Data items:

lemma ex_rosenthal_potential_minimizer:
  assumes "\<forall>i<n. Sig i \<noteq> {} \<and> finite (Sig i)"
  obtains S where "is_profile n Sig S"
    and "\<And>T. is_profile n Sig T \<Longrightarrow> rosenthal_potential n E l S \<le> rosenthal_potential n E l T"
proof -
  let ?\<Phi> = "rosenthal_potential n E l"
  have fin: "finite (Pi\<^sub>E {..<n} Sig)" and ne: "Pi\<^sub>E {..<n} Sig \<noteq> {}"
    using assms by (auto intro: finite_PiE simp: PiE_eq_empty_iff)
  obtain S where "is_arg_min ?\<Phi> (\<lambda>T. T \<in> Pi\<^sub>E {..<n} Sig) S"
    using ex_is_arg_min_if_finite[OF fin ne, of ?\<Phi>] ..
  then have S: "S \<in> Pi\<^sub>E {..<n} Sig" and min: "\<And>T. T \<in> Pi\<^sub>E {..<n} Sig \<Longrightarrow> \<not> ?\<Phi> T < ?\<Phi> S"
    unfolding is_arg_min_def by auto
  show thesis
  proof
    show "is_profile n Sig S"
      using S by (auto simp: is_profile_def)
  next
    fix T assume "is_profile n Sig T"
    then have "restrict T {..<n} \<in> Pi\<^sub>E {..<n} Sig"
      by (simp add: is_profile_def)
    from min[OF this] show "?\<Phi> S \<le> ?\<Phi> T"
      by (simp only: rosenthal_potential_restrict not_less)
  qed
qed

lemma rosenthal_potential_minimizer_is_PNE:
  assumes "finite E" and "\<forall>i<n. Sig i \<subseteq> Pow E" and "unweighted n w"
    and "is_profile n Sig S"
    and "\<And>T. is_profile n Sig T \<Longrightarrow> rosenthal_potential n E l S \<le> rosenthal_potential n E l T"
  shows "is_PNE n w Sig l S"
  unfolding is_PNE_def
proof (intro conjI allI impI ballI)
  fix i t assume i: "i < n" and t: "t \<in> Sig i"
  have "\<forall>j<n. S j \<subseteq> E"
    using assms(2,4) by (auto simp: is_profile_def)
  moreover have "t \<subseteq> E"
    using assms(2) i t by auto
  moreover have "rosenthal_potential n E l S \<le> rosenthal_potential n E l (S(i := t))"
    using assms(4) i t by (intro assms(5)) (simp add: is_profile_def)
  ultimately show "player_cost n w l S i \<le> player_cost n w l (S(i := t)) i"
    using rosenthal_potential_fun_upd[OF assms(1) _ i _ assms(3), of S t l] by simp
qed (fact assms(4))

lemma PNE_SUM_cost_le:
  assumes "finite E" and "\<forall>i<n. Sig i \<subseteq> Pow E" and "unweighted n w"
    and "\<forall>e\<in>E. mono_on {0..} (l e)"
    and "is_PNE n w Sig l S" and "is_profile n Sig T"
  shows "SUM_cost n w l S \<le> (\<Sum>e\<in>E. real (load n T e) * l e (real (load n S e) + 1))"
proof -
  have T_E: "\<forall>i<n. T i \<subseteq> E"
    using assms(2,6) by (auto simp: is_profile_def)
  have "SUM_cost n w l S \<le> (\<Sum>i<n. player_cost n w l (S(i := T i)) i)"
    unfolding SUM_cost_def
    using assms(5,6) by (intro sum_mono) (auto simp: is_PNE_def is_profile_def)
  also have "\<dots> \<le> (\<Sum>i<n. \<Sum>e\<in>T i. l e (real (load n S e) + 1))"
    unfolding player_cost_def fun_upd_same congestion_unweighted[OF assms(3)]
  proof (intro sum_mono)
    fix i e assume "i \<in> {..<n}" "e \<in> T i"
    then show "l e (real (load n (S(i := T i)) e)) \<le> l e (real (load n S e) + 1)"
      using T_E assms(4) load_fun_upd_le[of i n S "T i" e]
      by (intro mono_onD[of "{0..}" "l e"]) auto
  qed
  also have "\<dots> = (\<Sum>e\<in>E. real (load n T e) * l e (real (load n S e) + 1))"
    by (rule sum_strategies_eq_sum_load[OF assms(1) T_E])
  finally show ?thesis .
qed

text \<open>With x and y the loads of the equilibrium and of the comparison profile on one
  resource, the three terms on the left are that resource's share of SUM(S), of the equilibrium
  bound and of the potential difference.\<close>

definition potential_smooth :: "real \<Rightarrow> real \<Rightarrow> real \<Rightarrow> (real \<Rightarrow> real) \<Rightarrow> bool" where
  "potential_smooth \<nu> \<mu> \<rho> f \<longleftrightarrow> (\<forall>x y :: nat.
     (1 - \<nu>) * (real x * f (real x)) + \<nu> * (real y * f (real x + 1))
       + \<mu> * ((\<Sum>k = 1..y. f (real k)) - (\<Sum>k = 1..x. f (real k)))
     \<le> \<rho> * (real y * f (real y)))"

ABOUT THIS EXERCISE:
Repeat only the stretch of lines that begins at the line containing "by (intro mono_onD[of" and ends at the last line above, both included.

OUTPUT:
      by (intro mono_onD[of "{0..}" "l e"]) auto
  qed
  also have "\<dots> = (\<Sum>e\<in>E. real (load n T e) * l e (real (load n S e) + 1))"
    by (rule sum_strategies_eq_sum_load[OF assms(1) T_E])
  finally show ?thesis .
qed

text \<open>With x and y the loads of the equilibrium and of the comparison profile on one
  resource, the three terms on the left are that resource's share of SUM(S), of the equilibrium
  bound and of the potential difference.\<close>

definition potential_smooth :: "real \<Rightarrow> real \<Rightarrow> real \<Rightarrow> (real \<Rightarrow> real) \<Rightarrow> bool" where
  "potential_smooth \<nu> \<mu> \<rho> f \<longleftrightarrow> (\<forall>x y :: nat.
     (1 - \<nu>) * (real x * f (real x)) + \<nu> * (real y * f (real x + 1))
       + \<mu> * ((\<Sum>k = 1..y. f (real k)) - (\<Sum>k = 1..x. f (real k)))
     \<le> \<rho> * (real y * f (real y)))"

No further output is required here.